Our whole group had a strong interest in Natural Language Processing, and there has been a lot of excitement about cryptocurrencies recently. We are also very aware of the impact social media can have, and we wanted to show that there is a relationship between tweets about cryptocurrencies and the cryptocurrencies’ prices.

What It Does:

People are often doubtful of analyzing public sentiment for predicting stock prices because people tend to be more reactive than causative to the market changes. However, we believe that with cryptocurrency, it's the opposite. For example, when people's public sentiment is highly positive and many are tweeting good things about Bitcoin we think that the future value of Bitcoin from that moment would increase. We do the exact same for Ethereum.

On our website, we display two graphs: cryptocurrency exchange rate data (price) with the public sentiment regarding that cryptocurrency over time. Our program uses a weighted algorithm to determine the overall sentiment of the day, and we include factors such as the number of retweets, favorites, etc. The base of the total score is the sentiment score of the tweet. Looking at the data, we can see that a high sentiment drives an increase in bitcoin prices the next day, while a low sentiment causes a decrease the next day.

How We Built It:

We used the CoinAPI to collect exchange rate data by the hour for Bitcoin and the Twitter Search API to filter out tweets that contained Bitcoin. We then used a Python library to perform sentiment analysis on these tweets. Then, we implemented our own algorithm in order to use that sentiment score and other metadata about the tweet get a weighted, overall daily sentiment score. Finally, we built data visualizations using Python’s Bokeh library and built the rest of the front end using HTML/CSS/Bootstrap.

Challenges We Ran Into:

The biggest challenge we ran into was the limits on our API calls. For example, Twitter only gives us access to 7 days of tweets, when it’d be great to see more. Another challenge we faced was embedding a dynamic graph (created in python) in our HTML code, and we had difficulties decided which visualizations would best represent our data.
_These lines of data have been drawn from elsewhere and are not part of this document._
lemma ge_lu_of_run:
  assumes "\<And>l. 1 \<le> l \<Longrightarrow> l < k \<Longrightarrow> ah l l l \<noteq> 0"
    and "1 \<le> k" "k \<le> i" "k \<le> j"
  shows "ge (lu_of_run ah) k i j = (\<Sum>l = k..min i j. ah l i l / ah l l l * ah l l j)"
  using assms
proof (induction k arbitrary: i j)
  case 0
  then show ?case by simp
next
  case (Suc k)
  show ?case
  proof (cases "k = 0")
    case True
    then show ?thesis by (simp add: lu_of_run_def)
  next
    case False
    let ?G = "ge (lu_of_run ah) k"
    have nz: "ah k k k \<noteq> 0" using False Suc.prems(1) by simp
    have IH: "?G i' j' = (\<Sum>l = k..min i' j'. ah l i' l / ah l l l * ah l l j')"
      if "k \<le> i'" "k \<le> j'" for i' j'
      using Suc.IH Suc.prems(1) False that by simp
    have "?G i k = ah k i k" "?G k j = ah k k j" "?G k k = ah k k k"
      using IH[of i k] IH[of k j] IH[of k k] Suc.prems nz by (simp_all add: min_def)
    moreover have "(\<Sum>l = k..min i j. ah l i l / ah l l l * ah l l j)
       = ah k i k / ah k k k * ah k k j + (\<Sum>l = Suc k..min i j. ah l i l / ah l l l * ah l l j)"
      using Suc.prems by (subst sum.atLeast_Suc_atMost) auto
    ultimately show ?thesis using False IH[of i j] Suc.prems by simp
  qed
qed

lemma ge_lu_of_run_pivot_row_col:
  assumes "\<And>l. 1 \<le> l \<Longrightarrow> l \<le> k \<Longrightarrow> ah l l l \<noteq> 0"
    and "1 \<le> k" "k \<le> i" "k \<le> j" "i = k \<or> j = k"
  shows "ge (lu_of_run ah) k i j = ah k i j"
proof -
  have "min i j = k" using assms(3-5) by auto
  then have "ge (lu_of_run ah) k i j = ah k i k / ah k k k * ah k k j"
    using assms by (simp add: ge_lu_of_run)
  then show ?thesis using assms(1)[of k] assms(2,5) by auto
qed

lemma to_mat_lu_of_run:
  "to_mat n (lu_of_run ah)
    = mat n n (\<lambda>(i, j). if j \<le> i then ah (Suc j) (Suc i) (Suc j) / ah (Suc j) (Suc j) (Suc j) else 0)
    * mat n n (\<lambda>(i, j). if i \<le> j then ah (Suc i) (Suc i) (Suc j) else 0)"
  (is "_ = ?L * ?U")
proof (rule eq_matI)
  fix i j assume "i < dim_row (?L * ?U)" "j < dim_col (?L * ?U)"
  then have i: "i < n" and j: "j < n" by auto
  define F where "F l = ah l (Suc i) l / ah l l l * ah l l (Suc j)" for l
  have "(?L * ?U) $$ (i, j) = (\<Sum>r\<in>{0..<n}. ?L $$ (i, r) * ?U $$ (r, j))"
    using i j by (simp add: scalar_prod_def)
  also have "\<dots> = (\<Sum>r\<in>{0..<n}. if r \<le> min i j then F (Suc r) else 0)"
    using i j by (intro sum.cong) (auto simp: F_def)
  also have "\<dots> = (\<Sum>r = 0..min i j. F (Suc r))"
    using i j by (subst sum.mono_neutral_right[of "{0..<n}" "{0..min i j}"]) auto
  also have "\<dots> = (\<Sum>l = Suc 0..Suc (min i j). F l)"
    by (rule sum.shift_bounds_cl_Suc_ivl[symmetric])
  also have "\<dots> = to_mat n (lu_of_run ah) $$ (i, j)"
    using i j by (simp add: to_mat_def lu_of_run_def F_def)
  finally show "to_mat n (lu_of_run ah) $$ (i, j) = (?L * ?U) $$ (i, j)" by simp
qed (auto simp: to_mat_def)

lemma invertible_mat_if_det_nonzero:
  fixes A :: "'a :: field mat"
  assumes "A \<in> carrier_mat n n" and "det A \<noteq> 0"
  shows "invertible_mat A"
proof -
  obtain B where "B \<in> carrier_mat n n" "B * A = 1\<^sub>m n" "A * B = 1\<^sub>m n"
    using det_non_zero_imp_unit[OF assms, of undefined] unfolding Units_def ring_mat_def by auto
  then show ?thesis
    using assms(1) unfolding invertible_mat_def inverts_mat_def by auto
qed

lemma invertible_to_mat_lu_of_run:
  assumes "\<And>k. 1 \<le> k \<Longrightarrow> k \<le> n \<Longrightarrow> ah k k k \<noteq> 0"
  shows "invertible_mat (to_mat n (lu_of_run ah))"
proof -
  let ?L = "mat n n (\<lambda>(i, j). if j \<le> i then ah (Suc j) (Suc i) (Suc j) / ah (Suc j) (Suc j) (Suc j) else 0)"
  let ?U = "mat n n (\<lambda>(i, j). if i \<le> j then ah (Suc i) (Suc i) (Suc j) else 0)"
  have L: "?L \<in> carrier_mat n n" and U: "?U \<in> carrier_mat n n" by auto
  have "det ?L = prod_list (diag_mat ?L)"
    by (rule det_lower_triangular[OF _ L]) auto
  moreover have "det ?U = prod_list (diag_mat ?U)"
    by (rule det_upper_triangular[OF _ U]) (auto simp: upper_triangular_def)
  moreover have "0 \<notin> set (diag_mat ?L)" "0 \<notin> set (diag_mat ?U)"
    using assms by (auto simp: diag_mat_def)
  ultimately have "det (?L * ?U) \<noteq> 0"
    by (simp add: det_mult[OF L U] prod_list_zero_iff)
  then show ?thesis
    unfolding to_mat_lu_of_run by (intro invertible_mat_if_det_nonzero[of _ n]) auto
qed
lemma mahler2_Pk_eq_integral:
  assumes "c \<in> cut_plane"
  shows "mahler2 (Pk c) = integral (cbox (0, 0) (1, 1)) (\<lambda>p. ln (cmod (c + of_real (cos_sum p))))"
proof -
  let ?f = "\<lambda>p. ln (cmod (c + complex_of_real (cos_sum p)))"
  have "continuous_on (cbox (0, 0) (1, 1)) ?f"
    using cut_plane_add_real_nonzero[OF assms abs_cos_sum_le] by (intro continuous_intros) auto
  then have "set_integrable lborel (cbox (0::real, 0::real) (1, 1)) ?f"
    unfolding set_integrable_def by (intro borel_integrable_compact) auto
  then have "(LINT p : cbox (0, 0) (1, 1) | lborel. ?f p) = integral (cbox (0, 0) (1, 1)) ?f"
    by (rule set_borel_integral_eq_integral)
  moreover have "{0..1::real} \<times> {0..1::real} = cbox (0, 0) (1, 1)"
    by (simp add: cbox_Pair_eq)
  ultimately show ?thesis
    unfolding mahler2_def by (simp add: Pk_on_torus split_beta')
qed

definition mahler_H :: "complex \<Rightarrow> complex" where
  "mahler_H c = integral (cbox (0, 0) (1, 1)) (\<lambda>p. Ln (1 + of_real (cos_sum p) / c))"

lemma continuous_on_Ln_cos_sum [continuous_intros]:
  assumes "c \<in> cut_plane"
  shows "continuous_on S (\<lambda>p. Ln (1 + of_real (cos_sum p) / c))"
  using one_add_real_div_notin_nonpos_Reals[OF assms abs_cos_sum_le] cut_plane_nonzero[OF assms]
  by (intro continuous_intros) auto

lemma ln_norm_add_real:
  assumes "c \<in> cut_plane" "\<bar>r\<bar> \<le> 4"
  shows "ln (cmod (c + of_real r)) = ln (cmod c) + Re (Ln (1 + of_real r / c))"
proof -
  have "c \<noteq> 0" "1 + complex_of_real r / c \<noteq> 0"
    using cut_plane_nonzero[OF assms(1)] one_add_real_div_notin_nonpos_Reals[OF assms] by auto
  moreover have "c + complex_of_real r = c * (1 + complex_of_real r / c)"
    using \<open>c \<noteq> 0\<close> by (simp add: field_simps)
  ultimately show ?thesis
    by (simp add: norm_mult ln_mult Re_Ln)
qed

lemma mahler2_Pk_eq_mahler_H:
  assumes "c \<in> cut_plane"
  shows "mahler2 (Pk c) = ln (cmod c) + Re (mahler_H c)"
proof -
  let ?B = "cbox (0::real, 0::real) (1, 1)" and ?g = "\<lambda>p. Ln (1 + of_real (cos_sum p) / c)"
  have integrable: "?g integrable_on ?B"
    using assms by (intro integrable_continuous continuous_intros)
  have "integral ?B (\<lambda>p. ln (cmod (c + of_real (cos_sum p))))
      = integral ?B (\<lambda>p. ln (cmod c) + (Re \<circ> ?g) p)"
    using ln_norm_add_real[OF assms abs_cos_sum_le] by simp
  also have "\<dots> = integral ?B (\<lambda>p. ln (cmod c)) + integral ?B (Re \<circ> ?g)"
    using assms by (intro integral_add) (auto simp: o_def intro!: integrable_continuous continuous_intros)
  also have "\<dots> = ln (cmod c) + Re (mahler_H c)"
    unfolding mahler_H_def integral_linear[OF integrable bounded_linear_Re] by (simp add: content_Pair)
  finally show ?thesis
    using mahler2_Pk_eq_integral[OF assms] by simp
qed
(* (i) If $y\in\mathcal{SH}(r)$ satisfies $P_1(y)\ne0$ and $P_2(y)\ne0$, then $$\rho(G)y=\{y'\in\mathcal{SH}(r):\ P_1(y)P_1(y')>0\ \text{and}\ P_2(y)P_2(y')>0\}.$$ (ii) Consequently $(G,\rho,\mathcal{SH}(r))$ is a prehomogeneous vector space (it has an open $\rho(G)$-orbit) and its singular set, the complement of the union of the open orbits, is $\Sigma=\{y\in\mathcal{SH}(r):P_1(y)P_2(y)=0\}$.
   Context: Fix an integer $r\ge 2$. For $\ell=1,\dots,r+1$ let $Y_\ell\in\mathrm{Mat}(r,\mathbb R)$ have $(i,j)$-entry $\delta_{i+j,\ell+1}$. Let $\mathcal{SH}(r)=\mathrm{span}_{\mathbb R}(Y_1,\dots,Y_{r+1})$, the space of sub-Hankel matrices: $y=\sum_\ell y_\ell Y_\ell$ is the $r\times r$ matrix whose $(i,j)$-entry is $y_{i+j-1}$ if $i+j\le r+2$ and $0$ otherwise. For $k=0,\dots,r-1$ let $T_k$ be the $r\times r$ matrix with $(i,j)$-entry $(r-k-i+1)\delta_{j,i+k}$. Put $H_1=\frac1rT_0-\frac12I_r$, $H_2=I_r-\frac1rT_0=\mathrm{diag}(0,\frac1r,\dots,\frac{r-1}r)$. Let $\mathfrak g=\mathrm{span}(H_1,H_2,T_1,\dots,T_{r-1})$ (a solvable Lie algebra of upper triangular matrices) and $G\subset GL(r,\mathbb R)$ the connected Lie subgroup with Lie algebra $\mathfrak g$. Define $\rho(g)y=g\,y\,{}^tg$ for $g\in G$, $y\in\mathcal{SH}(r)$ (this preserves $\mathcal{SH}(r)$). Let $P_1(y)=\det y$ and $P_2(y)=y_{r+1}$. *)

theory Defs
  imports "Jordan_Normal_Form.Determinant"
begin

(* All matrices are r x r real matrices of Jordan_Normal_Form, with 0-based indices:
   paper entry (i,j) (1-based) is  A $$ (i-1, j-1). *)

(* Sub-Hankel matrix with coordinates y_1,...,y_{r+1}: 1-based (i,j)-entry y_{i+j-1}
   if i+j <= r+2, else 0.  0-based: entry c (i+j+1) if i+j <= r. *)
definition sh :: "nat \<Rightarrow> (nat \<Rightarrow> real) \<Rightarrow> real mat" where
  "sh r c = mat r r (\<lambda>(i,j). if i + j \<le> r then c (i + j + 1) else 0)"

definition SH :: "nat \<Rightarrow> real mat set" where
  "SH r = {sh r c | c. True}"

(* P_1(y) = det y ;  P_2(y) = y_{r+1}, which is the 1-based (2,r) entry of y *)
definition P1 :: "real mat \<Rightarrow> real" where
  "P1 y = det y"

definition P2 :: "nat \<Rightarrow> real mat \<Rightarrow> real" where
  "P2 r y = y $$ (1, r - 1)"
Accomplishments That We’re Proud of:

Aside from solving the challenges we ran into, we’re proud of how well we worked together as a team, and we felt that we were very efficient with our time-management.

What We Learned:

We learned many things after working on this project including collecting market data using cryptocurrency API’s, creating data visualizations using python libraries, and performing sentiment analysis using Textblob, another python library.

What’s Next for CryptoSentiment:

We would like to get premium access to the API’s we utilized in order to have more data to show. It would also allow us to update our information more frequently, which is very important. Another aspect we’d like to improve on is the algorithm for determining the overall score of a tweet. We are currently taking the original sentiment score from -1 to 1, but it is important to account for retweets, favorites, perhaps how many followers the user has to give it a weighted score from -100 to 100. Accounting for these in an accurate way is very difficult, and we need to do more research on how to analyze Twitter data. We’d also like to expand beyond Bitcoin, which simply involves more API calls. Finally, we would like to utilize machine learning to make predictions about the exchange rates based on our sentiment analysis.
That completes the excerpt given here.